Ainsi, l'Etat s'était résolu à faire exécuter des êtres vivants, presque leurs semblables pour se préserver ? Pour enterrer le secret à jamais ? Cette éventualité était tout simplement révoltante, mais je gardai au maximum la tête froide. Peut-être Marx me mentait-il.

- Vous faites erreur, me contredit sèchement le directeur. Pour commencer, je ne désire pas de guerre, mais elle aura inévitablement lieu si les humains, une fois la vérité révélée, ne se résolvent pas à la seule option possible : accepter la mutation de tous.

- Vous plaisantez ?

- Non. Les GEN représentent l'avenir de l'espèce humaine, son évolution. Imaginez un monde sans maladie, sans mortalité infantile, débarrassé de toutes ces faiblesses qui caractérisent les Hommes. On guérirait les cancéreux, les vieillards auraient une seconde jeunesse ! Quand on y réfléchit bien, n'est-il pas injuste de refuser cela à son peuple ?

Je me tus, subissant ce que j'entendais. J'avais la tête bourdonnante, à force d'informations.

- Votre seconde erreur, mademoiselle Deveille, est de croire que les six-cent GEN qui gravitent à l'Institut sont les seuls existants. Vous ne voyez que la partie émergée de l'iceberg, je le crains. Mais cela importe peu. J'ai ici quelque chose qui achèvera de vous convaincre de rester.

- Pourquoi vous obstinez-vous ? demandai-je, effrayée à l'idée de ce qui allait suivre. Vous avez bien tué ce garçon qui volait dans la cuisine, non ?

Ulrich Marx pinça les lèvres mais ne dit rien. Il alluma sa table de travail et des images apparurent sous mes yeux. Je mis quelques secondes à reconnaître l'endroit, mais dès que la lumière se fit dans mon esprit, je crus défaillir.

La cuisine de ma maison. Celle où j'avais pris chaque repas depuis sept ans. Avant cela, nous habitions en appartement mais mes parents avaient toujours rêvé d'une maison avec un grand jardin, et dès qu'ils avaient acquis celle-ci, nous avions aussi adopté un chien.

Ma mère était assise à la table, ses cheveux châtains coupés soigneusement au carré, un café devant elle. Ses traits étaient tirés et ses mains serrées autour de la tasse. La porte du fond s'ouvrit et mon père entra, un sac de courses bien chargé dans une main et le pain sous le bras. Ils se parlèrent puis rangèrent les courses. Tous deux partageaient les mêmes cernes et le teint pâle de ceux qui vivent dans le chagrin.

Mon cœur tomba comme une pierre dans ma poitrine. Marx les faisait surveiller.

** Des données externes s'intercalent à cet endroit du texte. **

definition Smat_add :: "nat \<Rightarrow> (nat \<Rightarrow> nat \<Rightarrow> 'a::comm_ring_1 poly poly set) \<Rightarrow> _ \<Rightarrow> _" where
  "Smat_add n A B = (\<lambda>i j. if inrng n i j then Scls n (Srep (A i j) + Srep (B i j)) else Scls n 0)"

definition Smat_mul :: "nat \<Rightarrow> (nat \<Rightarrow> nat \<Rightarrow> 'a::comm_ring_1 poly poly set) \<Rightarrow> _ \<Rightarrow> _" where
  "Smat_mul n A B = (\<lambda>i j. if inrng n i j
       then Scls n (\<Sum>k\<in>{1..n}. Srep (A i k) * Srep (B k j)) else Scls n 0)"

definition Smat_one :: "nat \<Rightarrow> nat \<Rightarrow> nat \<Rightarrow> 'a::comm_ring_1 poly poly set" where
  "Smat_one n = (\<lambda>i j. if inrng n i j then Scls n (if i = j then 1 else 0) else Scls n 0)"

definition Smat_scale :: "nat \<Rightarrow> 'a::comm_ring_1 poly \<Rightarrow> (nat \<Rightarrow> nat \<Rightarrow> 'a poly poly set) \<Rightarrow> _" where
  "Smat_scale n r A = (\<lambda>i j. if inrng n i j then Scls n (Rmap r * Srep (A i j)) else Scls n 0)"

definition cexp :: "nat \<Rightarrow> nat \<Rightarrow> nat \<Rightarrow> int" where
  "cexp n i j = (if i \<le> j then (if i = 1 \<and> j = n then -1 else 0)
                 else if i = j + 1 then 1 else 2)"

definition xK :: "'a::field poly fract" where "xK = Fract [:0, 1:] 1"

definition Lam :: "nat \<Rightarrow> (nat \<Rightarrow> nat \<Rightarrow> 'a::field poly fract) set" where
  "Lam n = {M. \<forall>i j. (inrng n i j \<longrightarrow> (\<exists>p. M i j = xK powi cexp n i j * Fract p 1))
                    \<and> (\<not> inrng n i j \<longrightarrow> M i j = 0)}"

L'image changea et me montra Nathan, mon frère, en plein tri des livres de sa bibliothèque. Sa chambre, située en face de la mienne, regorgeait de photos de nous deux. De grosses poches soulignaient ses yeux.

- Ça suffit, assénai-je.

Dans ma poche, mes doigts se refermèrent lentement sur les petits objets métalliques qu'on avait bêtement oublié de me retirer. Marx me dévisagea et comprit avant même que je ne sache moi-même ce que j'allais faire.

- A terre !

Mais il était déjà trop tard.

D'une détente puissante, je me levai et lançai deux billes le plus loin possible. Le mur disparut dans un nuage de plâtre et de verre qui emporta également la fontaine. Soufflée par l'explosion, je m'écoulai près de ma chaise.